(DATA PROVIDED Opens)
definition P1_wins :: "vertex \<Rightarrow> strategy \<Rightarrow> (nat \<Rightarrow> nat) \<Rightarrow> bool" where
  "P1_wins v \<sigma> f \<longleftrightarrow>
     (\<exists>n\<ge>1. (\<forall>i\<in>{1..n}. legal v \<sigma> f i) \<and> fst (play v \<sigma> f n) = fst (play v \<sigma> f (n - 1)))"

end

theory Submission
  imports Defs
begin

text \<open>Player 1 spends all firefighters on the \<open>\<ell>\<^sub>1\<close>-sphere (a diamond of \<open>4r\<close> vertices) of some
  radius \<open>r\<close> around the ignition vertex. As long as \<open>r\<close> is at least the current turn the fire,
  which has radius at most \<open>i - 1\<close> before turn \<open>i\<close>, cannot touch that sphere; once it could, the
  unfinished sphere is abandoned and a new one of radius \<open>2i\<close> is started at turn \<open>i\<close>. An
  amortisation argument shows that, without a completed sphere, the firefighters of turns
  \<open>1..i\<close> number at most \<open>c + 4r - 8\<close> with \<open>r \<le> 2i\<close>, where \<open>c < 4r + 2\<close> counts the sphere
  vertices placed so far; this is below \<open>16i\<close>. So if \<open>\<Sum>i=1..N. f i \<ge> 16N\<close>, some sphere is
  completed by turn \<open>N\<close>, the fire is trapped in the finite ball inside it and stops growing.\<close>

definition grid_dist :: "vertex \<Rightarrow> vertex \<Rightarrow> int" where
  "grid_dist v p = \<bar>fst p - fst v\<bar> + \<bar>snd p - snd v\<bar>"

lemma grid_dist_adj_le: "adj u w \<Longrightarrow> grid_dist v w \<le> grid_dist v u + 1"
  unfolding adj_def grid_dist_def by arith

lemma finite_grid_ball: "finite {p. grid_dist v p < R}"
proof (rule finite_subset)
  show "{p. grid_dist v p < R} \<subseteq> {fst v - R..fst v + R} \<times> {snd v - R..snd v + R}"
    unfolding grid_dist_def by (auto simp: abs_le_iff abs_less_iff)
qed simp

lemma play_Suc_fst:
  "fst (play v \<sigma> f (Suc i)) = spread (fst (play v \<sigma> f i)) (snd (play v \<sigma> f (Suc i)))"
  by (simp add: Let_def)

lemma play_Suc_snd: "snd (play v \<sigma> f (Suc i)) = snd (play v \<sigma> f i) \<union> move v \<sigma> f (Suc i)"
  by (simp add: Let_def)

declare play.simps(2) [simp del]

lemma burning_mono: "i \<le> j \<Longrightarrow> fst (play v \<sigma> f i) \<subseteq> fst (play v \<sigma> f j)"
  by (rule lift_Suc_mono_le[where f = "\<lambda>i. fst (play v \<sigma> f i)"])
    (auto simp: play_Suc_fst spread_def)

lemma protected_mono: "i \<le> j \<Longrightarrow> snd (play v \<sigma> f i) \<subseteq> snd (play v \<sigma> f j)"
  by (rule lift_Suc_mono_le[where f = "\<lambda>i. snd (play v \<sigma> f i)"]) (auto simp: play_Suc_snd)

lemma burning_within_dist: "fst (play v \<sigma> f i) \<subseteq> {p. grid_dist v p \<le> int i}"
proof (induction i)
  case 0
  then show ?case by (simp add: grid_dist_def)
next
  case (Suc i)
  then show ?case
    by (auto simp: play_Suc_fst spread_def dest!: grid_dist_adj_le[where v = v])
qed

lemma fire_confined_by_protected_sphere:
  assumes inside: "fst (play v \<sigma> f m) \<subseteq> {p. grid_dist v p < R}"
    and sphere: "{p. grid_dist v p = R} \<subseteq> snd (play v \<sigma> f (Suc m))"
    and "m \<le> n"
  shows "fst (play v \<sigma> f n) \<subseteq> {p. grid_dist v p < R}"
  using \<open>m \<le> n\<close>
proof (induction n rule: nat_induct_at_least)
  case base
  then show ?case using inside .
next
  case (Suc n)
  have sphere_protected: "{p. grid_dist v p = R} \<subseteq> snd (play v \<sigma> f (Suc n))"
    using sphere protected_mono[of "Suc m" "Suc n" v \<sigma> f] \<open>m \<le> n\<close> by simp
  show ?case
  proof
    fix w assume "w \<in> fst (play v \<sigma> f (Suc n))"
    then consider "w \<in> fst (play v \<sigma> f n)"
      | u where "u \<in> fst (play v \<sigma> f n)" "adj u w" "w \<notin> snd (play v \<sigma> f (Suc n))"
      by (auto simp: play_Suc_fst spread_def)
    then show "w \<in> {p. grid_dist v p < R}"
    proof cases
      case 2
      then have "grid_dist v w \<le> grid_dist v u + 1" "grid_dist v u < R" "grid_dist v w \<noteq> R"
        using grid_dist_adj_le Suc.IH sphere_protected by auto
      then show ?thesis by simp
    qed (use Suc.IH in blast)
  qed
qed

lemma mono_chain_in_finite_set_stabilises:
  fixes B :: "nat \<Rightarrow> 'a set"
  assumes mono: "\<And>n. B n \<subseteq> B (Suc n)" and bounded: "\<And>n. m \<le> n \<Longrightarrow> B n \<subseteq> F"
    and "finite F"
  shows "\<exists>n>m. B n = B (n - 1)"
proof (rule ccontr)
  assume "\<not> ?thesis"
  then have grows: "B (m + k) \<subset> B (m + Suc k)" for k
    using mono[of "m + k"] by (metis add_Suc_right diff_Suc_1 less_add_Suc1 psubsetI)
  have "k \<le> card (B (m + k))" for k
  proof (induction k)
    case (Suc k)
    have "finite (B (m + Suc k))"
      using bounded[of "m + Suc k"] \<open>finite F\<close> finite_subset by auto
    then have "card (B (m + k)) < card (B (m + Suc k))"
      using grows psubset_card_mono by blast
    then show ?case using Suc.IH by simp
  qed simp
  moreover have "card (B (m + Suc (card F))) \<le> card F"
    using bounded[of "m + Suc (card F)"] \<open>finite F\<close> card_mono by simp
  ultimately show False
    using Suc_n_not_le_n le_trans by blast
qed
(DATA PROVIDED Closes)
## REQUIRED WORK
Return all of the entries word for word.

## REPLY
definition P1_wins :: "vertex \<Rightarrow> strategy \<Rightarrow> (nat \<Rightarrow> nat) \<Rightarrow> bool" where
  "P1_wins v \<sigma> f \<longleftrightarrow>
     (\<exists>n\<ge>1. (\<forall>i\<in>{1..n}. legal v \<sigma> f i) \<and> fst (play v \<sigma> f n) = fst (play v \<sigma> f (n - 1)))"

end

theory Submission
  imports Defs
begin

text \<open>Player 1 spends all firefighters on the \<open>\<ell>\<^sub>1\<close>-sphere (a diamond of \<open>4r\<close> vertices) of some
  radius \<open>r\<close> around the ignition vertex. As long as \<open>r\<close> is at least the current turn the fire,
  which has radius at most \<open>i - 1\<close> before turn \<open>i\<close>, cannot touch that sphere; once it could, the
  unfinished sphere is abandoned and a new one of radius \<open>2i\<close> is started at turn \<open>i\<close>. An
  amortisation argument shows that, without a completed sphere, the firefighters of turns
  \<open>1..i\<close> number at most \<open>c + 4r - 8\<close> with \<open>r \<le> 2i\<close>, where \<open>c < 4r + 2\<close> counts the sphere
  vertices placed so far; this is below \<open>16i\<close>. So if \<open>\<Sum>i=1..N. f i \<ge> 16N\<close>, some sphere is
  completed by turn \<open>N\<close>, the fire is trapped in the finite ball inside it and stops growing.\<close>

definition grid_dist :: "vertex \<Rightarrow> vertex \<Rightarrow> int" where
  "grid_dist v p = \<bar>fst p - fst v\<bar> + \<bar>snd p - snd v\<bar>"

lemma grid_dist_adj_le: "adj u w \<Longrightarrow> grid_dist v w \<le> grid_dist v u + 1"
  unfolding adj_def grid_dist_def by arith

lemma finite_grid_ball: "finite {p. grid_dist v p < R}"
proof (rule finite_subset)
  show "{p. grid_dist v p < R} \<subseteq> {fst v - R..fst v + R} \<times> {snd v - R..snd v + R}"
    unfolding grid_dist_def by (auto simp: abs_le_iff abs_less_iff)
qed simp

lemma play_Suc_fst:
  "fst (play v \<sigma> f (Suc i)) = spread (fst (play v \<sigma> f i)) (snd (play v \<sigma> f (Suc i)))"
  by (simp add: Let_def)

lemma play_Suc_snd: "snd (play v \<sigma> f (Suc i)) = snd (play v \<sigma> f i) \<union> move v \<sigma> f (Suc i)"
  by (simp add: Let_def)

declare play.simps(2) [simp del]

lemma burning_mono: "i \<le> j \<Longrightarrow> fst (play v \<sigma> f i) \<subseteq> fst (play v \<sigma> f j)"
  by (rule lift_Suc_mono_le[where f = "\<lambda>i. fst (play v \<sigma> f i)"])
    (auto simp: play_Suc_fst spread_def)

lemma protected_mono: "i \<le> j \<Longrightarrow> snd (play v \<sigma> f i) \<subseteq> snd (play v \<sigma> f j)"
  by (rule lift_Suc_mono_le[where f = "\<lambda>i. snd (play v \<sigma> f i)"]) (auto simp: play_Suc_snd)

lemma burning_within_dist: "fst (play v \<sigma> f i) \<subseteq> {p. grid_dist v p \<le> int i}"
proof (induction i)
  case 0
  then show ?case by (simp add: grid_dist_def)
next
  case (Suc i)
  then show ?case
    by (auto simp: play_Suc_fst spread_def dest!: grid_dist_adj_le[where v = v])
qed

lemma fire_confined_by_protected_sphere:
  assumes inside: "fst (play v \<sigma> f m) \<subseteq> {p. grid_dist v p < R}"
    and sphere: "{p. grid_dist v p = R} \<subseteq> snd (play v \<sigma> f (Suc m))"
    and "m \<le> n"
  shows "fst (play v \<sigma> f n) \<subseteq> {p. grid_dist v p < R}"
  using \<open>m \<le> n\<close>
proof (induction n rule: nat_induct_at_least)
  case base
  then show ?case using inside .
next
  case (Suc n)
  have sphere_protected: "{p. grid_dist v p = R} \<subseteq> snd (play v \<sigma> f (Suc n))"
    using sphere protected_mono[of "Suc m" "Suc n" v \<sigma> f] \<open>m \<le> n\<close> by simp
  show ?case
  proof
    fix w assume "w \<in> fst (play v \<sigma> f (Suc n))"
    then consider "w \<in> fst (play v \<sigma> f n)"
      | u where "u \<in> fst (play v \<sigma> f n)" "adj u w" "w \<notin> snd (play v \<sigma> f (Suc n))"
      by (auto simp: play_Suc_fst spread_def)
    then show "w \<in> {p. grid_dist v p < R}"
    proof cases
      case 2
      then have "grid_dist v w \<le> grid_dist v u + 1" "grid_dist v u < R" "grid_dist v w \<noteq> R"
        using grid_dist_adj_le Suc.IH sphere_protected by auto
      then show ?thesis by simp
    qed (use Suc.IH in blast)
  qed
qed

lemma mono_chain_in_finite_set_stabilises:
  fixes B :: "nat \<Rightarrow> 'a set"
  assumes mono: "\<And>n. B n \<subseteq> B (Suc n)" and bounded: "\<And>n. m \<le> n \<Longrightarrow> B n \<subseteq> F"
    and "finite F"
  shows "\<exists>n>m. B n = B (n - 1)"
proof (rule ccontr)
  assume "\<not> ?thesis"
  then have grows: "B (m + k) \<subset> B (m + Suc k)" for k
    using mono[of "m + k"] by (metis add_Suc_right diff_Suc_1 less_add_Suc1 psubsetI)
  have "k \<le> card (B (m + k))" for k
  proof (induction k)
    case (Suc k)
    have "finite (B (m + Suc k))"
      using bounded[of "m + Suc k"] \<open>finite F\<close> finite_subset by auto
    then have "card (B (m + k)) < card (B (m + Suc k))"
      using grows psubset_card_mono by blast
    then show ?case using Suc.IH by simp
  qed simp
  moreover have "card (B (m + Suc (card F))) \<le> card F"
    using bounded[of "m + Suc (card F)"] \<open>finite F\<close> card_mono by simp
  ultimately show False
    using Suc_n_not_le_n le_trans by blast
qed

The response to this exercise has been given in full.